Conclusion: FLAIR rim sign is characteristic of a DNET although the degree of enhancement is not typical. Possibilities also include other low-grade tumors (e.g. ganglioglioma or pleomorphic xanthoastrocytoma). A higher grade tumor is also a possibility.
The patient went on to have surgery.
MICROSCOPIC DESCRIPTION: Paraffin sections show a moderately hypercellular tumor.
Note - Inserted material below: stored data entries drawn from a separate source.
(* Let $p\ge3$ be a prime and let $c>0$. Let $D$ be a probability distribution on $\mathbb{F}_p$ with $D(x)\le1-c$ for every $x\in\mathbb{F}_p$. Then for every positive integer $M\ge 2p^2\log p/(c\pi^2)$, the distribution $MD$ satisfies $|MD(x)-p^{-1}|\le p^{-2}$ for each $x\in\mathbb{F}_p$.
   Context: For a probability distribution $D$ on $\mathbb{F}_p$ and a positive integer $M$, $MD$ denotes the $M$-fold convolution $D+\dots+D$, i.e. the distribution of the sum of $M$ independent random variables each with distribution $D$. *)

theory Defs
  imports "HOL-Probability.Probability_Mass_Function"
begin

text \<open>F_p is modelled as the residues {0..<p} (type nat); a distribution on F_p is a
 nat pmf whose support lies in {..<p}.\<close>

definition conv_mod :: "nat \<Rightarrow> nat pmf \<Rightarrow> nat pmf \<Rightarrow> nat pmf" where
  "conv_mod p A B = map_pmf (\<lambda>(a, b). (a + b) mod p) (pair_pmf A B)"

text \<open>M-fold convolution M D (only meaningful for M \<ge> 1).\<close>
fun mfold_conv :: "nat \<Rightarrow> nat \<Rightarrow> nat pmf \<Rightarrow> nat pmf" where
  "mfold_conv p 0 D = return_pmf 0"
| "mfold_conv p (Suc 0) D = D"
| "mfold_conv p (Suc (Suc m)) D = conv_mod p D (mfold_conv p (Suc m) D)"

end

theory Submission
  imports Defs "HOL-Computational_Algebra.Primes"
begin

(* The Fourier coefficients of the M-fold convolution MD are the M-th
   powers of those of D, and Fourier inversion bounds p |MD(x) - 1/p| by the sum of the moduli of
   the nontrivial coefficients D^(k), k <> 0. For such k the values w^(kx), w = exp (2 pi i / p),
   are distinct p-th roots of unity, pairwise at angle at least 2 pi / p, which gives
   |D^(k)|^2 <= 1 - 2 sin^2 (pi/p) (1 - sum_x D(x)^2). The bound D(x) <= 1 - c controls the
   collision probability sum_x D(x)^2, and Taylor estimates turn this into
   |D^(k)|^2 <= exp (-2 c pi^2 / p^2); the lower bound on M then makes |D^(k)|^M <= 1/p^2. *)

lemma cos_ge_one_minus_sq_half: "1 - x\<^sup>2 / 2 \<le> cos (x :: real)"
proof -
  have nonneg: "1 - t\<^sup>2 / 2 \<le> cos t" if "0 \<le> t" for t :: real
  proof -
    have "(\<lambda>t. cos t - 1 + t\<^sup>2 / 2) 0 \<le> (\<lambda>t. cos t - 1 + t\<^sup>2 / 2) t"
    proof (rule DERIV_nonneg_imp_nondecreasing[OF that])
      fix v :: real assume "0 \<le> v"
      then show "\<exists>y. ((\<lambda>t. cos t - 1 + t\<^sup>2 / 2) has_real_derivative y) (at v) \<and> y \<ge> 0"
        by (intro exI[of _ "v - sin v"]) (auto intro!: derivative_eq_intros simp: sin_x_le_x)
    qed
    then show ?thesis by simp
  qed
  show ?thesis
    using nonneg[of x] nonneg[of "-x"] by (cases "0 \<le> x") auto
qed

lemma sin_ge_cubic:
  fixes x :: real assumes "0 \<le> x" shows "x - x ^ 3 / 6 \<le> sin x"
proof -
  have "(\<lambda>t. sin t - t + t ^ 3 / 6) 0 \<le> (\<lambda>t. sin t - t + t ^ 3 / 6) x"
  proof (rule DERIV_nonneg_imp_nondecreasing[OF assms])
    fix t :: real
    show "\<exists>y. ((\<lambda>t. sin t - t + t ^ 3 / 6) has_real_derivative y) (at t) \<and> y \<ge> 0"
      by (intro exI[of _ "cos t - 1 + t\<^sup>2 / 2"])
        (use cos_ge_one_minus_sq_half[of t] in \<open>auto intro!: derivative_eq_intros\<close>)
  qed
  then show ?thesis by simp
qed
This is composed of cells with neurocytic morphological features - small round hyperchromatic nuclei with delicate processes that are strongly immunopositive for synaptophysin. There are arranged in columns in association with small capillary vascular channels and GFAP positive glial cells forming glioneuronal elements. These enclose collections of myxomatous/mucinous material in which scattered "floatinmg" neurons are noted. These are highlighted by NeuN immunostaining. No mitotic figures or areas of necrosis are identified. No immunostaining for IDH-1 R132H is seen. Immunostaining for ATRX and p16CDKN2A is preserved. The topoisomerase labeling index is approximately 2%. The features are of dysembryoplastic neuroepithelial tumor (DNET).
FINAL DIAGNOSIS: Dysembryoplastic neuroepithelial tumor (DNET) - WHO Grade I.